Fennî Bey’in Çaldığı Sazlar
Evvela kanuna başlamış. Gençliğinde Kemanî Ağa’dan keman öğrenmiş. Tanburî Ali Efendi’den birçok eseri meşk etmiş ve hatta Ali Bey bestelediği eserlerin bazı yerlerinin olup olmadığını Fennî Bey’e sorarmış. Fennî Bey mahviyetini gösterdikçe ısrar edermiş ve fikrini söyletirmiş. Fennî Bey şurası biraz tuhaf olmuş derse Ali Bey oralarını değiştirirmiş. Bu da kendisine Ali Bey’in güvendiğini gösterirmiş (s. 4). Fennî Bey ara sıra Hacı Arif Bey, Medeni Aziz Bey, Tanburi Ali Bey merhumların Edhem Paşa’nın konağında toplanıp fasıllar tertip ettiklerini zikrediyor.
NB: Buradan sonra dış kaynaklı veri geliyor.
(* Let $K$ be a finite ordered simplicial complex. Then there exists $C\in\mathbb{N}$ such that every crystalline subdivision $K_\ell$, $\ell\in\mathbb{N}$, of $K$ admits a coloring of size $C$.
   Context: A simplicial complex is a locally finite set of linear simplices in $\mathbb{R}^N$ closed under faces with pairwise intersections common faces; ordered means vertices totally ordered. $K_\ell$ is the $\ell$th crystalline subdivision: for an ordered $m$-simplex $\langle v_0,\dots,v_m\rangle$, $m>0$, let $\iota$ be the affine map into $[0,1]^m$ with $\iota(v_j)=(0,\dots,0,1,\dots,1)$ ($j$ zeros followed by $m-j$ ones); subdivide $[0,1]^m$ into $2^{\ell m}$ cubes of side $2^{-\ell}$, each into the $m!$ rescaled translates of $\{0\le x_{\pi(1)}\le\dots\le x_{\pi(m)}\le1\}$, and pull back via $\iota$; apply to all simplices of $K$. Two simplices are adjacent if they share a face; the star of a simplex is the set of simplices adjacent to it together with their faces. A coloring of size $C$ of a complex is a surjective map $c$ from its set of top-dimensional simplices to $\{0,\dots,C\}$ such that $c(\Delta)\neq c(\Delta')$ for distinct top simplices $\Delta,\Delta'$ whose stars intersect. *)

theory Defs
  imports "HOL-Analysis.Analysis"
begin

text \<open>A (geometric) simplex in a Euclidean space is represented by its finite, nonempty,
  affinely independent vertex set; the simplex itself is its convex hull.\<close>

definition simplex_vs :: "'a::euclidean_space set \<Rightarrow> bool" where
  "simplex_vs S \<longleftrightarrow> finite S \<and> S \<noteq> {} \<and> \<not> affine_dependent S"

definition geom_simplicial_complex :: "'a::euclidean_space set set \<Rightarrow> bool" where
  "geom_simplicial_complex K \<longleftrightarrow>
     (\<forall>S\<in>K. simplex_vs S) \<and>
     (\<forall>S\<in>K. \<forall>T. T \<subseteq> S \<and> T \<noteq> {} \<longrightarrow> T \<in> K) \<and>
     (\<forall>S\<in>K. \<forall>T\<in>K. convex hull S \<inter> convex hull T = convex hull (S \<inter> T))"

definition ord_vertex :: "('a \<times> 'a) set \<Rightarrow> 'a set \<Rightarrow> nat \<Rightarrow> 'a" where
  "ord_vertex r S j = (THE v. v \<in> S \<and> card {w \<in> S. (w, v) \<in> r \<and> w \<noteq> v} = j)"

text \<open>The inverse of the affine map iota: R^m -> aff(S) (coordinates x 1, ..., x m),
  sending (0,...,0,1,...,1) (j zeros, m-j ones) to the j-th vertex v_j.\<close>
definition iota_inv :: "('a \<times> 'a) set \<Rightarrow> 'a::euclidean_space set \<Rightarrow> (nat \<Rightarrow> real) \<Rightarrow> 'a" where
  "iota_inv r S x =
     (let m = card S - 1;
          x' = (\<lambda>i. if i = 0 then 0 else if i = m + 1 then 1 else x i)
      in \<Sum>j\<le>m. (x' (j + 1) - x' j) *\<^sub>R ord_vertex r S j)"

text \<open>Vertices of the small simplex of the l-th subdivision of [0,1]^m determined by the
  cube with lower corner k/2^l (k i < 2^l) and the permutation p of {1..m}:
  the i-th vertex (i = 0..m) is  (k + sum_{j>i} e_(p j)) / 2^l.\<close>
definition cube_vertex :: "nat \<Rightarrow> nat \<Rightarrow> (nat \<Rightarrow> nat) \<Rightarrow> (nat \<Rightarrow> nat) \<Rightarrow> nat \<Rightarrow> (nat \<Rightarrow> real)" where
  "cube_vertex l m k p i =
     (\<lambda>t. (real (k t) + (if t \<in> p ` {i+1..m} then 1 else 0)) / 2 ^ l)"

text \<open>The top-dimensional pieces into which the l-th crystalline subdivision cuts the
  ordered simplex S (for a vertex, S itself): pullbacks under iota of those small simplices
  of [0,1]^m that lie in iota(S) = {0 \<le> x_1 \<le> ... \<le> x_m \<le> 1}.\<close>
definition crystal_pieces :: "('a \<times> 'a) set \<Rightarrow> nat \<Rightarrow> 'a::euclidean_space set \<Rightarrow> 'a set set" where
  "crystal_pieces r l S =
     (let m = card S - 1 in
      if m = 0 then {S}
      else {iota_inv r S ` {cube_vertex l m k p i | i. i \<le> m} | k p.
              (\<forall>t\<in>{1..m}. k t < 2 ^ l) \<and> p permutes {1..m} \<and>
              (\<forall>i\<le>m. \<forall>s t. 1 \<le> s \<and> s \<le> t \<and> t \<le> m \<longrightarrow>
                  cube_vertex l m k p i s \<le> cube_vertex l m k p i t)})"

definition crystalline :: "('a \<times> 'a) set \<Rightarrow> 'a::euclidean_space set set \<Rightarrow> nat \<Rightarrow> 'a set set" where
  "crystalline r K l = {T. T \<noteq> {} \<and> (\<exists>S\<in>K. \<exists>U\<in>crystal_pieces r l S. T \<subseteq> U)}"

definition top_simplices :: "'a set set \<Rightarrow> 'a set set" where
  "top_simplices L = {T \<in> L. card T = Max (card ` L)}"

definition star :: "'a set set \<Rightarrow> 'a set \<Rightarrow> 'a set set" where
  "star L T = {U \<in> L. \<exists>V\<in>L. V \<inter> T \<noteq> {} \<and> U \<subseteq> V}"

definition is_coloring :: "'a set set \<Rightarrow> ('a set \<Rightarrow> nat) \<Rightarrow> nat \<Rightarrow> bool" where
  "is_coloring L c C \<longleftrightarrow>
     c ` top_simplices L = {0..C} \<and>
     (\<forall>D\<in>top_simplices L. \<forall>D'\<in>top_simplices L.
        D \<noteq> D' \<and> star L D \<inter> star L D' \<noteq> {} \<longrightarrow> c D \<noteq> c D')"

end

(*
  Pieces have at most dim K + 1 vertices, and, independently of l, a point lies in at most
  3^m m! pieces of an m-simplex S: since iota is injective, a vertex of a piece determines the
  lattice corner k of its cube up to +-1 in each coordinate, and the piece inside the cube is
  given by a permutation of {1..m}. Hence for a top simplex D, the simplices whose stars meet
  the star of D lie in pieces meeting the second neighbourhood of D, so there are boundedly many
  of them, and a greedy colouring of this conflict graph needs a number of colours independent
  of l.
*)
theory Submission
  imports Defs
begin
Fennî Bey, Şevki merhumun eserlerinin adedi hakkında sorduğum suale:
Otuzu, kırkı geçmez! Beş yüz veya bin şarkısı olduğu katiyen vârid değildir. Hemen bütün şarkılarını geçtik, diyebilirim. Başka eserleri yoktur. Geçilmemiş eserleri olduğunu sanmıyorum. Seri eser bestelerdi fakat o eserleri tespit ettirecek zamanı yoktu. Çünkü rakı başından ayrılmazdı. Hatta bu ibtilası bir aralık cinnet derecesine varmıştı. Bir gün Bursa’da idik. Bursa valisinin meclisinde idik. Vali, Şevki merhuma iltifat ediyordu. Bir aralık Şevki merhum valinin yanına giderek kulağına bir şey söyleyeceğini teklif etmiş ve vali de icabet eder etmez Şevki derhal hart diye valinin kulağını ısırmış ve vali tabii ki can havliyle bağırdı çağırdı. “Def edin şu deyyusu!” diyerek Şevki’yi kovdular. Maatteessüf musiki istidadını, Şevki, rakı yüzünden baltalamıştı ve serseri bir hayat geçirerek rakı kurbanı oldu.
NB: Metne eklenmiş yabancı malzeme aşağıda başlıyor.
(* Let $\gamma\in\mathbb{R}$, $\psi:\mathbb{N}\to[0,\tfrac12]$, and let $\mathcal{I}_q\subseteq\mathbb{Z}_q$ ($q\in\mathbb{N}$) be such that $\tfrac1q\mathcal{I}_q$ is uniformly distributed modulo 1, i.e. for all $0\le x\le y\le1$, $$\lim_{q\to\infty}\frac{\#\{a\in\mathcal{I}_q: a/q\in[x,y)\}}{|\mathcal{I}_q|}=y-x.$$ Suppose there exist constants $C'>0$, $c>0$ and finite sets $\mathcal{S}_k\subset\mathbb{Z}$ with $\min\mathcal{S}_k\to+\infty$ such that for all sufficiently large $k$, $$\sum_{q\in\mathcal{S}_k}\frac{|\mathcal{I}_q|\psi(q)}{q}\ge c\qquad\text{and}\qquad\sum_{\substack{r<q\\ q,r\in\mathcal{S}_k}}\mu(E_q^{\mathcal{I}}\cap E_r^{\mathcal{I}})\le C'\Big(\sum_{q\in\mathcal{S}_k}\frac{|\mathcal{I}_q|\psi(q)}{q}\Big)^2.$$ Then $\mu(\limsup_{q\to\infty}E_q^{\mathcal{I}})=1$.
   Context: $\mu$ is Lebesgue measure, $\mathbb{Z}_q=\{0,\dots,q-1\}$, $\|y\|$ is the distance from $y$ to the nearest integer, and $$E_q^{\mathcal{I}}=E_q^{\mathcal{I}}(\gamma,\psi):=\Big\{x\in[0,1]:\Big\|x-\frac{a+\gamma}{q}\Big\|\le\frac{\psi(q)}{q}\text{ for some }a\in\mathcal{I}_q\Big\}.$$ *)

theory Defs
  imports "HOL-Analysis.Analysis" "HOL-Library.Liminf_Limsup"
begin

definition dist_nint :: "real \<Rightarrow> real" where
  "dist_nint y = \<bar>y - of_int (round y)\<bar>"

definition E_set :: "(nat \<Rightarrow> nat set) \<Rightarrow> real \<Rightarrow> (nat \<Rightarrow> real) \<Rightarrow> nat \<Rightarrow> real set" where
  "E_set I \<gamma> \<psi> q = {x \<in> {0..1}. \<exists>a \<in> I q.
      dist_nint (x - (real a + \<gamma>) / real q) \<le> \<psi> q / real q}"

end

theory Submission
  imports Defs
begin

(*
  Write w q = |I q| \<psi>(q) / q. Uniform distribution of I q / q makes E_q occupy at least about
  2 w q (v - u) of every interval (u, v), while \<mu>(E_q) = O(w q). Suppose a measurable
  B \<subseteq> [0, 1] of measure m > 0 were missed by every E_q with q \<ge> n. Approximate B from outside
  by a finite union U of intervals with \<mu>(U - B) \<le> \<epsilon>. For q \<in> S_k with k large, E_q meets U in
  measure about 2 w q \<mu>(U), all of it inside W = U - B. Cauchy-Schwarz gives
  (\<Sum>q \<mu>(E_q \<inter> W))\<^sup>2 \<le> \<mu>(W) \<Sum>q r \<mu>(E_q \<inter> E_r), and quasi-independence bounds the double
  sum by a constant times (\<Sum>q w q)\<^sup>2; together m\<^sup>2 \<le> const * \<epsilon> for all small \<epsilon>, so m = 0.
  Hence every [0, 1] - (\<Union>q\<ge>n. E_q) is null and limsup E_q has full measure.
*)

lemma sum_square_eq_diag_plus_pairs:
  fixes f :: "'a::linorder \<Rightarrow> 'a \<Rightarrow> 'b::comm_semiring_1"
  assumes S: "finite S" and sym: "\<And>q r. f q r = f r q"
  shows "(\<Sum>q\<in>S. \<Sum>r\<in>S. f q r) = (\<Sum>q\<in>S. f q q) + 2 * (\<Sum>(q, r)\<in>{(q, r) \<in> S \<times> S. r < q}. f q r)"
proof -
  define P where "P = {(q, r) \<in> S \<times> S. r < q}"
  have fin: "finite P" "finite (prod.swap ` P)" "finite ((\<lambda>q. (q, q)) ` S)"
    using S by (auto simp: P_def intro: finite_subset[of _ "S \<times> S"])
  have split: "S \<times> S = (\<lambda>q. (q, q)) ` S \<union> (P \<union> prod.swap ` P)"
    by (auto simp: P_def image_iff)
  have swap: "(\<Sum>(q, r)\<in>prod.swap ` P. f q r) = (\<Sum>(q, r)\<in>P. f q r)"
    by (subst sum.reindex) (auto simp: sym inj_on_def case_prod_beta)
  have "(\<Sum>q\<in>S. \<Sum>r\<in>S. f q r) = (\<Sum>(q, r)\<in>S \<times> S. f q r)"
    by (simp add: sum.cartesian_product)
  also have "\<dots> = (\<Sum>(q, r)\<in>(\<lambda>q. (q, q)) ` S. f q r) + ((\<Sum>(q, r)\<in>P. f q r) + (\<Sum>(q, r)\<in>prod.swap ` P. f q r))"
    unfolding split using fin by (subst sum.union_disjoint sum.union_disjoint; auto simp: P_def)+
  also have "\<dots> = (\<Sum>q\<in>S. f q q) + 2 * (\<Sum>(q, r)\<in>P. f q r)"
    unfolding swap by (simp add: sum.reindex inj_on_def mult_2)
  finally show ?thesis by (simp add: P_def)
qed

lemma sum_measure_Int_squared_le:
  fixes E :: "'i \<Rightarrow> 'a set"
  assumes S: "finite S" and E: "\<And>q. E q \<in> fmeasurable M" and W: "W \<in> fmeasurable M"
  shows "(\<Sum>q\<in>S. measure M (E q \<inter> W))\<^sup>2 \<le> measure M W * (\<Sum>q\<in>S. \<Sum>r\<in>S. measure M (E q \<inter> E r))"
proof -
  define X where "X = (\<Sum>q\<in>S. measure M (E q \<inter> W))"
  define Q where "Q = (\<Sum>q\<in>S. \<Sum>r\<in>S. measure M (E q \<inter> E r))"
  define h where "h x = (\<Sum>q\<in>S. indicator (E q) x :: real)" for x
  have integral_indicator_fmeasurable:
    "integrable M (indicator A :: 'a \<Rightarrow> real) \<and> integral\<^sup>L M (indicator A :: 'a \<Rightarrow> real) = measure M A"
    if "A \<in> fmeasurable M" for A
    using that by (auto simp: fmeasurable_def)
  have int_Int: "integrable M (indicator (A \<inter> B) :: 'a \<Rightarrow> real) \<and>
      integral\<^sup>L M (indicator (A \<inter> B) :: 'a \<Rightarrow> real) = measure M (A \<inter> B)"
    if "A \<in> fmeasurable M" "B \<in> fmeasurable M" for A B
    using that by (intro integral_indicator_fmeasurable fmeasurable.Int) auto
  have integrand_X: "(\<lambda>x. indicator W x * h x) = (\<lambda>x. \<Sum>q\<in>S. indicator (E q \<inter> W) x)"
    by (simp add: h_def sum_distrib_left indicator_inter_arith mult.commute)
  have integrand_Q: "(\<lambda>x. h x * h x) = (\<lambda>x. \<Sum>q\<in>S. \<Sum>r\<in>S. indicator (E q \<inter> E r) x)"
    by (simp add: h_def sum_product indicator_inter_arith)
  have int_X: "integrable M (\<lambda>x. indicator W x * h x)" "integral\<^sup>L M (\<lambda>x. indicator W x * h x) = X"
    unfolding integrand_X X_def using E W int_Int by auto
  have int_Q: "integrable M (\<lambda>x. h x * h x)" "integral\<^sup>L M (\<lambda>x. h x * h x) = Q"
    unfolding integrand_Q Q_def using E int_Int by auto
  have int_W: "integrable M (indicator W :: 'a \<Rightarrow> real)" "integral\<^sup>L M (indicator W :: 'a \<Rightarrow> real) = measure M W"
    using integral_indicator_fmeasurable[OF W] by auto
  \<comment> \<open>integrate (s * indicator W - h)^2 \<ge> 0, then choose s = X / \<mu> W\<close>
  have quadratic: "2 * s * X \<le> s\<^sup>2 * measure M W + Q" for s :: real
  proof -
    have "2 * s * (indicator W x * h x) \<le> s\<^sup>2 * indicator W x + h x * h x" for x
      using zero_le_power2[of "s - h x"]
      by (cases "x \<in> W") (auto simp: power2_eq_square algebra_simps)
    then have "integral\<^sup>L M (\<lambda>x. 2 * s * (indicator W x * h x)) \<le> integral\<^sup>L M (\<lambda>x. s\<^sup>2 * indicator W x + h x * h x)"
      using int_X int_Q int_W by (intro integral_mono) auto
    then show ?thesis using int_X int_Q int_W by simp
  qed
  show ?thesis
  proof (cases "measure M W = 0")
    case True
    have "measure M (E q \<inter> W) = 0" for q
      using measure_mono_fmeasurable[of "E q \<inter> W" W M] W E True by (simp add: measure_le_0_iff)
    then show ?thesis using True by (simp add: X_def)
  next
    case False
    then have W_pos: "measure M W > 0" using measure_nonneg[of M W] by linarith
    have "2 * (X / measure M W) * X \<le> (X / measure M W)\<^sup>2 * measure M W + Q" by (rule quadratic)
    then show ?thesis using W_pos unfolding X_def[symmetric] Q_def[symmetric]
      by (simp add: field_simps power2_eq_square)
  qed
qed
Fennî Bey’in Nazariyât-ı Mûsikiyyesi Hakkında
Hiç malumatım yok dedi. “Esas itibarıyla musiki, nazariyattan ziyade ameli yollarla teessüs etmiş olduğundan musiki bir ilim değil musiki bir fendir.” diyor ve bu tarife istinad ederek musiki nazariyatıyla uğraşmaktan ziyade amelî âsâr meydana getirmek ve çalmak cihetini iltizam ettiği anlaşılıyor. Nazariyatın öğrenilmesini de faydalı buluyor.
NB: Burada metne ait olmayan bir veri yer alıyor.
(* Let $q=p^n$ be a prime power and $d$ a positive divisor of $q-1$. Then $G(q,d)$ has a GI-automorphism (equivalently, has a GI-extension) if and only if there exists an integer $l\ge 0$ with $p^l\equiv -1 \pmod d$.
   Context: $G(q,d)$ is the group of affine maps $\{x\mapsto ax+b:\ a,b\in\mathbb{F}_q,\ a^d=1\}$ under composition; equivalently $G(q,d)\cong C_p^n\rtimes C_d$, where $C_p^n$ is the additive group of $\mathbb{F}_q$ and $C_d\le\mathbb{F}_q^\times$ acts by multiplication. A GI-automorphism of a group $G$ is an automorphism $\sigma$ such that $G$ is generated by $\{g\in G:\sigma(g)=g^{-1}\}$. Given a group $G'$ with a normal subgroup $G$ of index $2$, $G'$ is a GI-extension of $G$ if $G'$ is generated by involutions not contained in $G$. *)

theory Defs
  imports "HOL-Algebra.Algebra" "HOL-Number_Theory.Cong"
begin

definition affine_group :: "nat \<Rightarrow> ('a::field \<Rightarrow> 'a) monoid" where
  "affine_group d = \<lparr> carrier = {f. \<exists>a b. a ^ d = 1 \<and> f = (\<lambda>x. a * x + b)},
                      monoid.mult = (\<lambda>f g. f \<circ> g),
                      one = id \<rparr>"

definition GI_automorphism :: "('g, 'b) monoid_scheme \<Rightarrow> ('g \<Rightarrow> 'g) \<Rightarrow> bool" where
  "GI_automorphism G \<sigma> \<longleftrightarrow>
     \<sigma> \<in> iso G G \<and>
     generate G {g \<in> carrier G. \<sigma> g = inv\<^bsub>G\<^esub> g} = carrier G"

end

theory Submission
  imports Defs "HOL-Number_Theory.Residues" "HOL-Computational_Algebra.Polynomial"
    "HOL-Decision_Procs.Algebra_Aux"
begin

text \<open>
  An automorphism \<sigma> of G(q,d) maps translations to translations, since d is prime to p.
  This yields an additive bijection \<psi> of F_q, and conjugating translations by dilations gives
  \<psi>(a b) = \<alpha>(a) \<psi>(b), where \<alpha>(a) is the slope of \<sigma>(x \<mapsto> a x). The elements inverted by \<sigma> lie in
  the subgroup on which \<sigma> inverts the slope; if they generate G(q,d), then \<psi>(z b) = z^-1 \<psi>(b)
  for a root of unity z of order d. Applying \<psi> to P(z) = 0, where the product P of X - y over
  the Galois conjugates y = z^(p^i) has coefficients in F_p, shows that z^-1 = z^(p^l) for
  some l, i.e. p^l \<equiv> -1 (mod d).

  Conversely, if p^l \<equiv> -1 (mod d), then \<tau>(x) = x^(p^l) inverts the d-th roots of unity, and
  extending one vector at a time over the fixed field of \<tau>^2 produces an additive involution \<psi>
  with \<psi>(e u) = \<tau>(e) \<psi>(u) for all e in that field. Then (x \<mapsto> a x + b) \<mapsto> (x \<mapsto> a^-1 x - \<psi>(b)) is
  an automorphism inverting all dilations and all translations by fixed points of \<psi>, and these
  generate G(q,d) as soon as some d-th root of unity z has z^2 \<noteq> 1; for d \<le> 2 one takes \<psi> = id.
\<close>

section \<open>Finite fields\<close>

lemma card_UNIV_field_ge_2: "2 \<le> card (UNIV :: 'a::{finite,field} set)"
proof -
  have "card {0::'a, 1} \<le> card (UNIV :: 'a set)"
    by (rule card_mono) auto
  then show ?thesis
    by simp
qed

lemma pos_if_dvd_card_minus_one:
  assumes "d dvd card (UNIV :: 'a::{finite,field} set) - 1"
  shows "d > 0"
  using assms card_UNIV_field_ge_2[where 'a='a] by (intro Nat.gr0I) simp

lemma prime_CHAR_finite_field: "Factorial_Ring.prime CHAR('a::{finite,field})"
  using finite_imp_CHAR_pos[OF finite_UNIV] by (rule prime_CHAR_semidom)

lemma CHAR_eq_prime_of_card:
  assumes "Factorial_Ring.prime p" and "card (UNIV :: 'a::{finite,field} set) = p ^ n"
  shows "CHAR('a) = p"
proof -
  have "CHAR('a) dvd p ^ n"
    using CHAR_dvd_CARD[where 'a='a] assms(2) by simp
  then have "CHAR('a) dvd p"
    by (rule prime_dvd_power[OF prime_CHAR_finite_field])
  then show ?thesis
    by (rule primes_dvd_imp_eq[OF prime_CHAR_finite_field assms(1)])
qed

lemma power_eq_one_if_coprime:
  fixes a :: "'a::monoid_mult"
  assumes "coprime d p" and "d > 0" and "a ^ d = 1" and "a ^ p = 1"
  shows "a = 1"
proof -
  obtain x y where "d * x = p * y + 1"
    using bezout_nat[of d p] assms(1,2) by auto
  then have "a ^ (d * x) = a ^ (p * y) * a"
    by (simp add: power_commutes)
  then show ?thesis
    using assms(3,4) by (simp add: power_mult)
qed

lemma (in group) ord_eq_order_if_generates:
  assumes "finite (carrier G)" and "a \<in> carrier G" and "carrier G = {a [^] i | i::nat. i \<in> UNIV}"
  shows "ord a = Coset.order G"
proof -
  have "carrier G = (\<lambda>i. a [^] i) ` {0 .. ord a - 1}"
    using assms(3) ord_elems[OF assms(1,2)] by (simp only: Setcompr_eq_image)
  then have "Coset.order G \<le> card {0 .. ord a - 1}"
    unfolding Coset.order_def by (metis card_image_le finite_atLeastAtMost)
  also have "\<dots> = ord a"
    using ord_ge_1[OF assms(1,2)] by simp
  finally show ?thesis
    using ord_le_group_order[OF assms(1,2)] by simp
qed

lemma field_cring_class_ops: "field (cring_class_ops :: 'a::field ring)"
proof -
  interpret cring "cring_class_ops :: 'a ring"
    by (rule cring_class)
  have "\<exists>y. y * x = 1 \<and> x * y = 1" if "x \<noteq> 0" for x :: 'a
    using that by (intro exI[of _ "inverse x"]) simp
  then show ?thesis
    by unfold_locales (auto simp: Units_def cring_class_ops_def)
qed

lemma cring_class_ops_power: "x [^]\<^bsub>cring_class_ops\<^esub> (i::nat) = (x::'a::comm_ring_1) ^ i"
  by (induction i) (simp_all add: cring_class_ops_def)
Fennî Bey’in Âsâr-ı Mûsikiyyesi
Takım olarak on kadar muhtelif makamlarda fasıl bestelediği koleksiyonunu gösterdi. Her fasıl ayrı nota kağıtlarında ve ince kaplarda üzerleri kalın ve güzel yazı ile yazılmış, keza notalar muntazam ve temiz okunaklı yazılmış olduğu gibi güfteli eserleri de aynen dikkatli ve itina ile vegüzel bir Türk yazısı ile -kendi yazısı- yazılmış olduğunu gördüm. Bu eserlerden bazılarını hanesinde yazmak şartıyla kopya etmeye müsaade ediyor. Fennî Bey İstiklal Marşını da bestelemiş. Bunu gelecek ziyarette göreceğim (s.5).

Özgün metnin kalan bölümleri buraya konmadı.